▸ DATASET CONTENT:

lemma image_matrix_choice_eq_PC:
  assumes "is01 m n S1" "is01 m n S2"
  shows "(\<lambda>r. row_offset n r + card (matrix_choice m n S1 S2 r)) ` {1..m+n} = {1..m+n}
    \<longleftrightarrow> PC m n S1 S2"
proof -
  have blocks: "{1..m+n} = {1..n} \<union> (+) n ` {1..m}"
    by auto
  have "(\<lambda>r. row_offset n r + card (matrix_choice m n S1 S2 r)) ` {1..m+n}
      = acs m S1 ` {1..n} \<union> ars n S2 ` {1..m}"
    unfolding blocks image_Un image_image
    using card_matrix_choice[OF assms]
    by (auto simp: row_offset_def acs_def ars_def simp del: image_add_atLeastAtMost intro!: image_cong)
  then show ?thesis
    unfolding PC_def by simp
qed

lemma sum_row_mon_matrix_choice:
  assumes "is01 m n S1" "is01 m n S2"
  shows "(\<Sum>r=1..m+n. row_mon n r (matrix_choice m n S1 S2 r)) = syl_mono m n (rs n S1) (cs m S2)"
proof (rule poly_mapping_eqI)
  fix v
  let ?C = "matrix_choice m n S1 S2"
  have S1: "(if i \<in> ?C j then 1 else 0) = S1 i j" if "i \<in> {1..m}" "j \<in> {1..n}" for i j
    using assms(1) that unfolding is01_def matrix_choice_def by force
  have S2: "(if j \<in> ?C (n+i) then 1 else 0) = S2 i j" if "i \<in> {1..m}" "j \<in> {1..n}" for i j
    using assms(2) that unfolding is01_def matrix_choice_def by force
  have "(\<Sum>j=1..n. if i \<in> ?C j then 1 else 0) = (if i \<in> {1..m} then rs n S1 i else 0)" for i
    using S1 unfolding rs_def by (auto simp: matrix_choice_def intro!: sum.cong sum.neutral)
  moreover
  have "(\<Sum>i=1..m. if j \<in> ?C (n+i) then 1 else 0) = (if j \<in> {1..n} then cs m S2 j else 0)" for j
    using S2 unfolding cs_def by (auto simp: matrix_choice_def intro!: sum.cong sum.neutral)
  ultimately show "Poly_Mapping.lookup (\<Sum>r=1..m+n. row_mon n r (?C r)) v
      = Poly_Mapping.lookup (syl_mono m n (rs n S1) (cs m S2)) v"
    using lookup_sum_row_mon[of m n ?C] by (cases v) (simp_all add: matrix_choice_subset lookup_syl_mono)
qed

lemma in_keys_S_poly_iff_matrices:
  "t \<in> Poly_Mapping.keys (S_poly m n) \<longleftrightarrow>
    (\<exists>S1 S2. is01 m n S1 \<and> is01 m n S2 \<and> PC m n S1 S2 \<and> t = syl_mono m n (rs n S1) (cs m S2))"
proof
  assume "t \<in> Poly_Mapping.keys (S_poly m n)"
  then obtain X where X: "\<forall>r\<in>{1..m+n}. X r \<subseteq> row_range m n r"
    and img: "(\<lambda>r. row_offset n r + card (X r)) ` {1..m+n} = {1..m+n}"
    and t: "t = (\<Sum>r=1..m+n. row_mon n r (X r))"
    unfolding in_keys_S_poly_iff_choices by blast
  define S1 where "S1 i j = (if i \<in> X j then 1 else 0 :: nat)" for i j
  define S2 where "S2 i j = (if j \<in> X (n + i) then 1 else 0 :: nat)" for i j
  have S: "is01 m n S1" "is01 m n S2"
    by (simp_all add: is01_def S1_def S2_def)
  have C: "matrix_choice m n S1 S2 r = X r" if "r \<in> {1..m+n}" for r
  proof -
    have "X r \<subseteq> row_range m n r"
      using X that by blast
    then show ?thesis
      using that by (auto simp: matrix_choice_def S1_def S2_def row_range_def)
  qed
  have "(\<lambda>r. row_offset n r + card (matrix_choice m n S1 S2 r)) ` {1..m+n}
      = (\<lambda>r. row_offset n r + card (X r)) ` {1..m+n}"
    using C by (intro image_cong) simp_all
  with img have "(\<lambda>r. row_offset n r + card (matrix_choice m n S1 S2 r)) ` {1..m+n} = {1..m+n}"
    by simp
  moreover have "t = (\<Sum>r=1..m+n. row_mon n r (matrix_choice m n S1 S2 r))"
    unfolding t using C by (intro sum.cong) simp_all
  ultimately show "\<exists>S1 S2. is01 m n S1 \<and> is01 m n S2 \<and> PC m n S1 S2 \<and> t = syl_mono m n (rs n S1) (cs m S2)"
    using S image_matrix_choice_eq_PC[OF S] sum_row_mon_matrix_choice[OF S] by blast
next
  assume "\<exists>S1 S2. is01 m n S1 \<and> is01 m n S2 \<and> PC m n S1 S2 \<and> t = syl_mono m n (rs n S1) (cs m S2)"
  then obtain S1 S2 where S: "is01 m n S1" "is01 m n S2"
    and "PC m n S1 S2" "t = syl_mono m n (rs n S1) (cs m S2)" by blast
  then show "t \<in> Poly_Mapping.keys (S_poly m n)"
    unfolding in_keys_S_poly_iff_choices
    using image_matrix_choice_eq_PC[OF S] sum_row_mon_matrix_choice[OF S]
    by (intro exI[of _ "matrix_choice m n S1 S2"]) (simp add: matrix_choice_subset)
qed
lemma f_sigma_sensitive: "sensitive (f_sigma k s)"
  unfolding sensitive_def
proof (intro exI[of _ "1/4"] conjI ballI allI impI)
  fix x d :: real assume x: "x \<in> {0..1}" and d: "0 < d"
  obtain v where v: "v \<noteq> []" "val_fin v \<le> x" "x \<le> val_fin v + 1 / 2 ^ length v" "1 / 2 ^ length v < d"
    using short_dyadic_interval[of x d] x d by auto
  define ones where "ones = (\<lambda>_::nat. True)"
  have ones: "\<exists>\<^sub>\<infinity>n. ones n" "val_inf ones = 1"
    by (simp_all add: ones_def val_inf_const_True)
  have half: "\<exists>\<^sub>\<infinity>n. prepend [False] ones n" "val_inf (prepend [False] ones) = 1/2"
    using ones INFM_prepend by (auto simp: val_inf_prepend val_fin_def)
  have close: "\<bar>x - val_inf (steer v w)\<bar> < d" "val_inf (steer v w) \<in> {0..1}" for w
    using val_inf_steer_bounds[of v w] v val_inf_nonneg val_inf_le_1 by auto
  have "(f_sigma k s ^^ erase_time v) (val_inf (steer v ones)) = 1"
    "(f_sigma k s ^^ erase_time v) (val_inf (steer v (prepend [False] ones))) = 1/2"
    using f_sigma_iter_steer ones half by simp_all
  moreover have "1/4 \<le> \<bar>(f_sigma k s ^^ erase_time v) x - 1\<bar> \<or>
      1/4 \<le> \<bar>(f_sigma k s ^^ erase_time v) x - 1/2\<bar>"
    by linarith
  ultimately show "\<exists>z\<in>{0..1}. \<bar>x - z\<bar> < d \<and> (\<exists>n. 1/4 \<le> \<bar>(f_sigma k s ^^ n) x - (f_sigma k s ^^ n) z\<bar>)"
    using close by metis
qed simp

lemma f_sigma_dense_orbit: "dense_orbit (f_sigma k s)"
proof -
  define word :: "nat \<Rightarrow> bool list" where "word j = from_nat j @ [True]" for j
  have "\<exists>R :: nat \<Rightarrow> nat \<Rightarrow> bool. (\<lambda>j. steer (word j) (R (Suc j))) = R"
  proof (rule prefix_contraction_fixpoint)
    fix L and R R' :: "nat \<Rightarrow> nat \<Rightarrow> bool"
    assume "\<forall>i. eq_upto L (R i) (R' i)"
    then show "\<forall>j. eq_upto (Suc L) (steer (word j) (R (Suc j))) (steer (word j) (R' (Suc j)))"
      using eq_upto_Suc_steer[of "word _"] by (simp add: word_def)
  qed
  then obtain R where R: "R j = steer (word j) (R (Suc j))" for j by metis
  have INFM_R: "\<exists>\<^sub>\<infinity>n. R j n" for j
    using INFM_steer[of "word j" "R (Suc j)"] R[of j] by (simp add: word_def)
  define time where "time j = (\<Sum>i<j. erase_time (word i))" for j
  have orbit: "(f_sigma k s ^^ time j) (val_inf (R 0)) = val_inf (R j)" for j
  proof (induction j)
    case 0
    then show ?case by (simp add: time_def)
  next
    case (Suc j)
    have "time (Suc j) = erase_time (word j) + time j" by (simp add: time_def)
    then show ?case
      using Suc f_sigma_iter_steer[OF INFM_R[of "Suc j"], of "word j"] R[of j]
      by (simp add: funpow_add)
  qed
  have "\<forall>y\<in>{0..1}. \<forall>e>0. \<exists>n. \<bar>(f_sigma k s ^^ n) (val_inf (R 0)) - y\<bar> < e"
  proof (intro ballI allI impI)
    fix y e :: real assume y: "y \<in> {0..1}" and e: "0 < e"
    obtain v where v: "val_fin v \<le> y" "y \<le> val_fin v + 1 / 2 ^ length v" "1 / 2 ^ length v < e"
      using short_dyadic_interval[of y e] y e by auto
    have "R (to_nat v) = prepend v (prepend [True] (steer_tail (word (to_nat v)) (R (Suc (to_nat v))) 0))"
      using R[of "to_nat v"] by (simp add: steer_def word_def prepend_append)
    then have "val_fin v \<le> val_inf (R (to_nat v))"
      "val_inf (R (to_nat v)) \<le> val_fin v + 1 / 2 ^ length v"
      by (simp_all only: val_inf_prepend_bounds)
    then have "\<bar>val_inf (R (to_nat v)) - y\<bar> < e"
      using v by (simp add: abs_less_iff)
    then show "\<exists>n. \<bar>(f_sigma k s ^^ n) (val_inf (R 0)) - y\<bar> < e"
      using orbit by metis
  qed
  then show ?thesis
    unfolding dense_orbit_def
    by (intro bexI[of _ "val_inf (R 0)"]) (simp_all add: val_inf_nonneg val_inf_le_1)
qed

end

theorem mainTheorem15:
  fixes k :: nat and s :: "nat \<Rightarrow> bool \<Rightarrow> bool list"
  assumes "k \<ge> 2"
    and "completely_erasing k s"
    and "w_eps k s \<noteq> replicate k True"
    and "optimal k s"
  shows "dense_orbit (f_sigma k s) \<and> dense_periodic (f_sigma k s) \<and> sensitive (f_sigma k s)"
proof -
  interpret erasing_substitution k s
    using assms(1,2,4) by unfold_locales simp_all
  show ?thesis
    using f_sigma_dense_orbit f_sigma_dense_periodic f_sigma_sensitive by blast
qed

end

▸ WORK INSTRUCTION: For the word "bool", report how many lines of the records contain it; respond with the number only.

▸ SOLUTION TO THIS EXERCISE: 4